Photo by Fillmore Photography via Flickr

Photo by Fillmore Photography via Flickr

Today CNNMoney reports that drug recalls quadrupled from 426 in 2008 to a record 1,742 in 2009.  The recalls have been attributed to “manufacturing lapses” in raw material quality, labeling and packaging, and contamination.  Generic and over-the-counter drugs have been affected the most.  CNNMoney notes that the race to put generic products on the market and the pressure to cut costs have caused drug companies to

sometimes fail to spend enough time learning how best to make the drug….  And since generic and over the counter drugs aren’t as lucrative for drugmakers as prescription drugs, companies may not be investing enough resources to make high-quality, safe products.

One such cost-cutting measure involves outsourcing production to foreign manufacturing sites and this measure seems to have received the most attention.  (Check out fellow blogger Jae W. Joo’s post on outsourcing.)

Earlier this month, Senator Michael Bennet (D-Colorado) introduced the Drug and Safety Accountability Act of 2010 which seeks to ensure the safety and efficacy of drugs sold in America, regardless of their manufacturing location.  The bill would require, among other things, that:

  • manufacturers have quality management plans which the FDA can inspect;
  • manufacturers maintain supply chain documentation;
  • the Secretary of Health and Human Services track facilities manufacturing drugs or active ingredients for the American market; and
  • the FDA be given more power to ensure drug safety, including the authority to enact mandatory recalls for batches of drugs that pose risks and to assess civil penalties for violations of the Federal Food, Drug, and Cosmetic Act.

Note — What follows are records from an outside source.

lemma exp_eigenvalue_expansion:
  fixes lam :: "5 \<Rightarrow> real" and t :: real and a :: 5
  assumes "inj lam" and "(\<Sum>k\<in>UNIV. complex_of_real (lam k)) = 0"
  defines "x \<equiv> complex_of_real (lam a)" and "D \<equiv> \<lambda>m. nderiv m (F5 lam) t"
    and "p2 \<equiv> \<Sum>k\<in>UNIV. complex_of_real (lam k) ^ 2"
    and "p3 \<equiv> \<Sum>k\<in>UNIV. complex_of_real (lam k) ^ 3"
    and "p4 \<equiv> \<Sum>k\<in>UNIV. complex_of_real (lam k) ^ 4"
  shows "exp (\<i> * complex_of_real t * x) =
      D 0 * x ^ 4 - \<i> * D 1 * x ^ 3 - (p2 / 2 * D 0 + D 2) * x ^ 2
    + (- p3 / 3 * D 0 + \<i> * p2 / 2 * D 1 + \<i> * D 3) * x
    + (p2\<^sup>2 / 8 * D 0 - p4 / 4 * D 0 + p3 / 3 * \<i> * D 1 + p2 / 2 * D 2 + D 4)"
proof -
  define L where "L k = complex_of_real (lam k)" for k
  define s where "s k = exp (\<i> * complex_of_real t * L k) / poly (pderiv (charC lam)) (L k)" for k
  have injL: "inj L" using \<open>inj lam\<close> by (simp add: L_def inj_def)
  have C: "charC lam = traceless_quintic p2 p3 p4 (\<Prod>k\<in>UNIV. L k)"
    unfolding L_def p2_def p3_def p4_def by (rule charC_traceless[OF assms(2)])
  have interpolation: "(\<Sum>k\<in>UNIV. s k * quintic_quotient p2 p3 p4 (L a) (L k)) = exp (\<i> * complex_of_real t * L a)"
    unfolding s_def
  proof (rule sum_over_roots_difference_quotient[OF injL])
    show "charC lam = (\<Prod>k\<in>UNIV. [:- L k, 1:])" by (simp add: charC_def L_def)
  qed (simp_all only: C quintic_quotient_diff quintic_quotient_diagonal)
  have D: "D m = \<i> ^ m * (\<Sum>k\<in>UNIV. s k * L k ^ m)" for m
    unfolding D_def nderiv_F5 s_def L_def by (simp add: mult_ac)
  have "\<i> * \<i> = -1" by simp
  then show ?thesis
    unfolding x_def L_def[symmetric] D interpolation[symmetric] sum_quintic_quotient power_0 mult_1_right power_one_right
    by algebra
qed
lemma square_integrable_cmult:
  "square_integrable M u \<Longrightarrow> square_integrable M (\<lambda>x. c * u x)"
  by (simp add: square_integrable_def power_mult_distrib borel_measurable_times)

lemma square_integrable_diff:
  "square_integrable M u \<Longrightarrow> square_integrable M v \<Longrightarrow> square_integrable M (\<lambda>x. u x - v x)"
  using square_integrable_add[of M u "\<lambda>x. -1 * v x"] square_integrable_cmult by fastforce

lemma square_integrable_sum:
  "(\<And>i. i \<in> D \<Longrightarrow> square_integrable M (u i)) \<Longrightarrow> square_integrable M (\<lambda>x. \<Sum>i\<in>D. u i x)"
proof (induction D rule: infinite_finite_induct)
  case (insert i D)
  then show ?case by (simp add: square_integrable_add)
qed (auto simp: square_integrable_def)

lemma indicator_mult_square: "(indicator A x * f x)^2 = indicator A x * (f x)^2" for f :: "'a \<Rightarrow> real"
  by (simp add: indicator_def)

lemma square_integrable_indicator_mult:
  assumes "square_integrable M u" "A \<in> sets M"
  shows "square_integrable M (\<lambda>x. indicator A x * u x)"
proof -
  have "integrable M (\<lambda>x. indicator A x * (u x)^2)"
    using assms integrable_real_mult_indicator[of A M "\<lambda>x. (u x)^2"]
    by (simp add: square_integrable_def mult.commute)
  then show ?thesis
    using assms by (simp add: square_integrable_def indicator_mult_square borel_measurable_times)
qed

definition normalized_indicator :: "'a measure \<Rightarrow> 'a set \<Rightarrow> 'a \<Rightarrow> real" where
  "normalized_indicator M A x = indicator A x / sqrt (measure M A)"

lemma
  assumes "A \<in> sets M" "0 < measure M A" "emeasure M A < \<infinity>"
  shows square_integrable_normalized_indicator: "square_integrable M (normalized_indicator M A)"
    and integral_normalized_indicator_square: "(\<integral>x. (normalized_indicator M A x)^2 \<partial>M) = 1"
proof -
  have sq: "(normalized_indicator M A x)^2 = indicator A x / measure M A" for x
    using assms(2) by (simp add: normalized_indicator_def power_divide indicator_def)
  have "integrable M (\<lambda>x. (normalized_indicator M A x)^2)"
    using assms by (simp add: sq integrable_indicator_iff)
  then show "square_integrable M (normalized_indicator M A)"
    using assms(1) by (simp add: square_integrable_def normalized_indicator_def[abs_def])
  show "(\<integral>x. (normalized_indicator M A x)^2 \<partial>M) = 1"
    using assms by (simp add: sq)
qed

lemma integral_mult_normalized_indicator_square_le:
  assumes A: "A \<in> sets M" "0 < measure M A" "emeasure M A < \<infinity>" and u: "square_integrable M u"
  shows "(\<integral>x. u x * normalized_indicator M A x \<partial>M)^2 \<le> (\<integral>x. indicator A x * (u x)^2 \<partial>M)"
proof -
  have u_A: "square_integrable M (\<lambda>x. indicator A x * u x)"
    by (rule square_integrable_indicator_mult[OF u A(1)])
  have "\<bar>\<integral>x. u x * normalized_indicator M A x \<partial>M\<bar> =
      \<bar>\<integral>x. (indicator A x * u x) * normalized_indicator M A x \<partial>M\<bar>"
    by (intro arg_cong[where f=abs] Bochner_Integration.integral_cong)
      (auto simp: normalized_indicator_def indicator_def)
  also have "\<dots> \<le> (\<integral>x. \<bar>(indicator A x * u x) * normalized_indicator M A x\<bar> \<partial>M)"
    by (rule integral_abs_bound)
  also have "\<dots> \<le> sqrt (\<integral>x. indicator A x * (u x)^2 \<partial>M)"
    using Cauchy_Schwarz_integral[OF u_A square_integrable_normalized_indicator[OF A]]
    by (simp add: integral_normalized_indicator_square[OF A] indicator_mult_square)
  finally have "\<bar>\<integral>x. u x * normalized_indicator M A x \<partial>M\<bar>^2 \<le> sqrt (\<integral>x. indicator A x * (u x)^2 \<partial>M)^2"
    by (rule power_mono) simp
  moreover have "0 \<le> (\<integral>x. indicator A x * (u x)^2 \<partial>M)"
    by (rule integral_nonneg_AE) simp
  ultimately show ?thesis
    by simp
qed

lemma integral_sum_indicator_le:
  fixes f :: "'a \<Rightarrow> real" and n :: nat
  assumes J: "\<And>m. J m \<in> sets M" and disj: "disjoint_family_on J {..<n}"
    and J_sub: "\<And>m. m < n \<Longrightarrow> J m \<subseteq> I" and I: "I \<in> sets M"
    and f: "integrable M f" and f_nonneg: "\<And>x. 0 \<le> f x"
  shows "(\<Sum>m<n. \<integral>x. indicator (J m) x * f x \<partial>M) \<le> (\<integral>x. indicator I x * f x \<partial>M)"
proof -
  have integrable: "integrable M (\<lambda>x. indicator A x * f x)" if "A \<in> sets M" for A
    using integrable_real_mult_indicator[OF that f] by (simp add: mult.commute)
  have "(\<Sum>m<n. \<integral>x. indicator (J m) x * f x \<partial>M) = (\<integral>x. (\<Sum>m<n. indicator (J m) x * f x) \<partial>M)"
    using J by (intro Bochner_Integration.integral_sum[symmetric] integrable)
  also have "\<dots> = (\<integral>x. indicator (\<Union>m<n. J m) x * f x \<partial>M)"
  proof (intro Bochner_Integration.integral_cong)
    fix x
    have "indicator (\<Union>m<n. J m) x = (\<Sum>m<n. indicator (J m) x :: real)"
      by (rule indicator_UN_disjoint) (simp_all add: disj)
    then show "(\<Sum>m<n. indicator (J m) x * f x) = indicator (\<Union>m<n. J m) x * f x"
      by (simp add: sum_distrib_right)
  qed simp
  also have "\<dots> \<le> (\<integral>x. indicator I x * f x \<partial>M)"
    using J I J_sub f_nonneg
    by (intro integral_mono integrable mult_right_mono)
      (auto simp: indicator_def)
  finally show ?thesis .
qed

lemma sum_square_integral_normalized_indicator_le:
  fixes n :: nat
  assumes J: "\<And>m. J m \<in> sets M" "\<And>m. 0 < measure M (J m)" "\<And>m. emeasure M (J m) < \<infinity>"
    and disj: "disjoint_family_on J {..<n}" and J_sub: "\<And>m. m < n \<Longrightarrow> J m \<subseteq> I"
    and I: "I \<in> sets M" and u: "square_integrable M u"
  shows "(\<Sum>m<n. (\<integral>x. normalized_indicator M (J m) x * u x \<partial>M)^2) \<le> (\<integral>x. indicator I x * (u x)^2 \<partial>M)"
proof -
  have "(\<Sum>m<n. (\<integral>x. normalized_indicator M (J m) x * u x \<partial>M)^2) \<le>
      (\<Sum>m<n. \<integral>x. indicator (J m) x * (u x)^2 \<partial>M)"
    using J u by (intro sum_mono)
      (simp add: mult.commute[of "normalized_indicator _ _ _"] integral_mult_normalized_indicator_square_le)
  also have "\<dots> \<le> (\<integral>x. indicator I x * (u x)^2 \<partial>M)"
    using u by (intro integral_sum_indicator_le[OF J(1) disj J_sub I]) (auto simp: square_integrable_def)
  finally show ?thesis .
qed

section \<open>Series of square-integrable functions\<close>

lemma AE_summable_of_summable_integral:
  fixes f :: "nat \<Rightarrow> 'a \<Rightarrow> real"
  assumes f: "\<And>k. integrable M (f k)" and f_nonneg: "\<And>k x. 0 \<le> f k x"
    and summable: "summable (\<lambda>k. \<integral>x. f k x \<partial>M)"
  shows "AE x in M. summable (\<lambda>k. f k x)"
proof -
  have [measurable]: "\<And>k. f k \<in> borel_measurable M" using f by auto
  have "(\<integral>\<^sup>+x. (\<Sum>k. ennreal (f k x)) \<partial>M) = (\<Sum>k. \<integral>\<^sup>+x. ennreal (f k x) \<partial>M)"
    by (rule nn_integral_suminf) auto
  also have "\<dots> = (\<Sum>k. ennreal (\<integral>x. f k x \<partial>M))"
    by (intro arg_cong[where f=suminf] ext nn_integral_eq_integral f) (auto simp: f_nonneg)
  also have "\<dots> = ennreal (\<Sum>k. \<integral>x. f k x \<partial>M)"
    by (rule suminf_ennreal2) (auto intro: summable integral_nonneg_AE simp: f_nonneg)
  finally have "(\<integral>\<^sup>+x. (\<Sum>k. ennreal (f k x)) \<partial>M) \<noteq> \<infinity>" by simp
  then have "AE x in M. (\<Sum>k. ennreal (f k x)) \<noteq> \<infinity>"
    by (intro nn_integral_PInf_AE) auto
  then show ?thesis
    by eventually_elim (rule summable_suminf_not_top, auto simp: f_nonneg)
qed

lemma weighted_Cauchy_Schwarz_suminf:
  fixes b w :: "nat \<Rightarrow> real"
  assumes w_pos: "\<And>k. 0 < w k" and w: "summable w" and bw: "summable (\<lambda>k. (b k)^2 / w k)"
  shows "summable (\<lambda>k. \<bar>b k\<bar>)"
    and "(\<Sum>k. \<bar>b k\<bar>)^2 \<le> (\<Sum>k. w k) * (\<Sum>k. (b k)^2 / w k)"
proof -
  define C where "C = sqrt ((\<Sum>k. w k) * (\<Sum>k. (b k)^2 / w k))"
  have partial: "(\<Sum>k<n. \<bar>b k\<bar>) \<le> C" for n
  proof -
    have "(\<Sum>k<n. \<bar>b k\<bar>)^2 = (\<Sum>k<n. sqrt (w k) * (\<bar>b k\<bar> / sqrt (w k)))^2"
      using w_pos by (simp add: less_imp_le less_imp_neq[symmetric])
    also have "\<dots> \<le> (\<Sum>k<n. sqrt (w k)^2) * (\<Sum>k<n. (\<bar>b k\<bar> / sqrt (w k))^2)"
      by (rule Cauchy_Schwarz_ineq_sum)
    also have "\<dots> = (\<Sum>k<n. w k) * (\<Sum>k<n. (b k)^2 / w k)"
      using w_pos by (simp add: less_imp_le power_divide)
    also have "\<dots> \<le> (\<Sum>k. w k) * (\<Sum>k. (b k)^2 / w k)"
      using w_pos by (intro mult_mono sum_le_suminf w bw sum_nonneg suminf_nonneg)
        (auto simp: less_imp_le)
    finally show ?thesis
      unfolding C_def by (intro real_le_rsqrt) auto
  qed
  show summable: "summable (\<lambda>k. \<bar>b k\<bar>)"
    by (rule summableI_nonneg_bounded[OF _ partial]) simp
  have "(\<Sum>k. \<bar>b k\<bar>) \<le> C"
    by (rule suminf_le_const[OF summable partial])
  moreover have "0 \<le> (\<Sum>k. \<bar>b k\<bar>)" by (rule suminf_nonneg[OF summable]) simp
  ultimately have "(\<Sum>k. \<bar>b k\<bar>)^2 \<le> C^2" by (rule power_mono)
  also have "C^2 = (\<Sum>k. w k) * (\<Sum>k. (b k)^2 / w k)"
    unfolding C_def using w_pos
    by (intro real_sqrt_pow2 mult_nonneg_nonneg suminf_nonneg w bw) (auto simp: less_imp_le)
  finally show "(\<Sum>k. \<bar>b k\<bar>)^2 \<le> (\<Sum>k. w k) * (\<Sum>k. (b k)^2 / w k)" .
qed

Click here for more details about the bill and here for Sen. Bennet’s own promotion of it.  Sen. Bennet has lamented how:

[f]or too long, the FDA has lacked the proper authority to adequately safeguard our drug supply.  Americans need to be able to trust that the drugs in their medicine cabinets are safe, no matter where they’re made.

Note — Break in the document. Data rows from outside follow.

text \<open>The registers are the extra coordinates \<open>n + j\<close>, \<open>j \<in> {1..k}\<close>: register \<open>n + j\<close> receives the sum mod \<open>q\<close>
  of the new values of the vertices of colour \<open>j\<close> that read an overwritten input. Such a vertex
  recovers its new value by subtracting the new values of the other vertices of its colour; these
  are either already written or, by the colouring condition, still computable from \<open>h\<close>.\<close>

locale register_colouring =
  fixes q n k :: nat and h :: "(nat \<Rightarrow> nat) \<Rightarrow> (nat \<Rightarrow> nat)"
    and r :: "nat \<Rightarrow> nat" and col :: "nat \<Rightarrow> nat"
  assumes q_pos: "0 < q"
    and h_Fmaps: "h \<in> Fmaps q n"
    and r_inj: "inj_on r {1..n}"
    and col_range: "\<And>v. v \<in> {1..n} \<Longrightarrow> reads_overwritten q n h r v \<Longrightarrow> col v \<in> {1..k}"
    and col_separates: "\<And>v u w. v \<in> {1..n} \<Longrightarrow> u \<in> {1..n} \<Longrightarrow> reads_overwritten q n h r v \<Longrightarrow>
      r v < r u \<Longrightarrow> IG_arc q n h w u \<Longrightarrow> r w < r v \<Longrightarrow> col v \<noteq> col u"
begin

definition colour_class :: "nat \<Rightarrow> nat set" where
  "colour_class j = {u \<in> {1..n}. reads_overwritten q n h r u \<and> col u = j}"

definition target :: "(nat \<Rightarrow> nat) \<Rightarrow> nat \<Rightarrow> nat" where
  "target x c = (if c \<le> n then h x c else (\<Sum>u\<in>colour_class (c - n). h x u) mod q)"

definition recovered :: "(nat \<Rightarrow> nat) \<Rightarrow> nat \<Rightarrow> nat" where
  "recovered y v = nat ((int (y (n + col v))
     - (\<Sum>u\<in>colour_class (col v) - {v}. int (if r u < r v then y u else h (pr n y) u))) mod int q)"

definition network :: "(nat \<Rightarrow> nat) \<Rightarrow> (nat \<Rightarrow> nat)" where
  "network y = restrict (\<lambda>c. if n < c then target (pr n y) c
     else if reads_overwritten q n h r c then recovered y c else h (pr n y) c) {1..n + k}"

definition schedule :: "nat list" where
  "schedule = [Suc n..<Suc (n + k)] @ sort_key r [1..<Suc n]"

lemma h_in_states: "x \<in> states q n \<Longrightarrow> h x \<in> states q n"
  using h_Fmaps unfolding Fmaps_def by blast

lemma h_less: "x \<in> states q n \<Longrightarrow> u \<in> {1..n} \<Longrightarrow> h x u < q"
  using h_in_states unfolding states_def by (auto simp: PiE_iff)

lemma network_Fmaps: "network \<in> Fmaps q (n + k)"
  unfolding Fmaps_def
proof (intro CollectI ballI)
  fix y assume "y \<in> states q (n + k)"
  then have "pr n y \<in> states q n" by (rule pr_in_states) simp
  then show "network y \<in> states q (n + k)"
    using q_pos h_less unfolding network_def states_def restrict_PiE_iff target_def recovered_def
    by (auto simp: nat_less_iff)
qed

lemma perm_word_schedule: "perm_word (n + k) schedule"
  unfolding perm_word_def schedule_def by auto

context
  fixes x y :: "nat \<Rightarrow> nat" and v :: nat
  assumes x: "x \<in> states q n" and v: "v \<in> {1..n}"
    and written: "\<And>u. u \<in> {1..n} \<Longrightarrow> r u < r v \<Longrightarrow> y u = h x u"
    and unwritten: "\<And>u. u \<in> {1..n} \<Longrightarrow> \<not> r u < r v \<Longrightarrow> y u = x u"
begin

lemma partial_update_in_states: "pr n y \<in> states q n"
proof -
  have "y u < q" if "u \<in> {1..n}" for u
    using written[OF that] unwritten[OF that] h_less[OF x that] x that
    by (cases "r u < r v") (auto simp: states_def PiE_iff)
  then show ?thesis unfolding pr_def states_def restrict_PiE_iff by simp
qed

lemma partial_update_unaffected:
  assumes "u \<in> {1..n}" "\<And>w. IG_arc q n h w u \<Longrightarrow> \<not> r w < r v"
  shows "h (pr n y) u = h x u"
  using IG_arc_locality[OF partial_update_in_states x assms(1)] assms unwritten
  unfolding pr_def IG_arc_def by simp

A father of three, Sen. Bennet has said that the recent McNeil recall of over-the-counter children’s medicine spurred him into action.

Pharmaceutical Research and Manufacturers of America (PhRMA) Senior Vice President Ken Johnson has issued a statement in response to the bill, saying that:

[t]he lifeline of America’s biopharmaceutical research companies is the safety and integrity of the products they develop.  Brand-name pharmaceutical companies make tremendous investments in quality control systems and take extensive measures to help protect patient safety and to help prevent adulterated ingredients from entering into America’s prescription drug supply.

In addition, drug manufacturing for the U.S. market — regardless of where it occurs — is regulated under Good Manufacturing Practices (GMP) by the Food and Drug Administration (FDA).  These GMP requirements help to assure the safety, quality and purity of drug ingredients that are used in the U.S. prescription drug supply.

The U.S. regulatory system for prescription drugs is the toughest and safest in the world….

Okay.  But other people here don’t think so.  (Click here to read a good opinion by Dr. Lynn Parry, Chair of the Colorado Prescription Project, on why this bill should pass.)

According to a recent Pew Prescription Project poll, less than 10% of Americans feel confident about medications manufactured in India and China.  89% of Americans support Congressional action to introduce new drug safety measures.  How many of those people realize that approximately 80% of the materials used to make or package drugs sold in America comes from foreign sources?  I didn’t, but then, is such high a percentage really that surprising?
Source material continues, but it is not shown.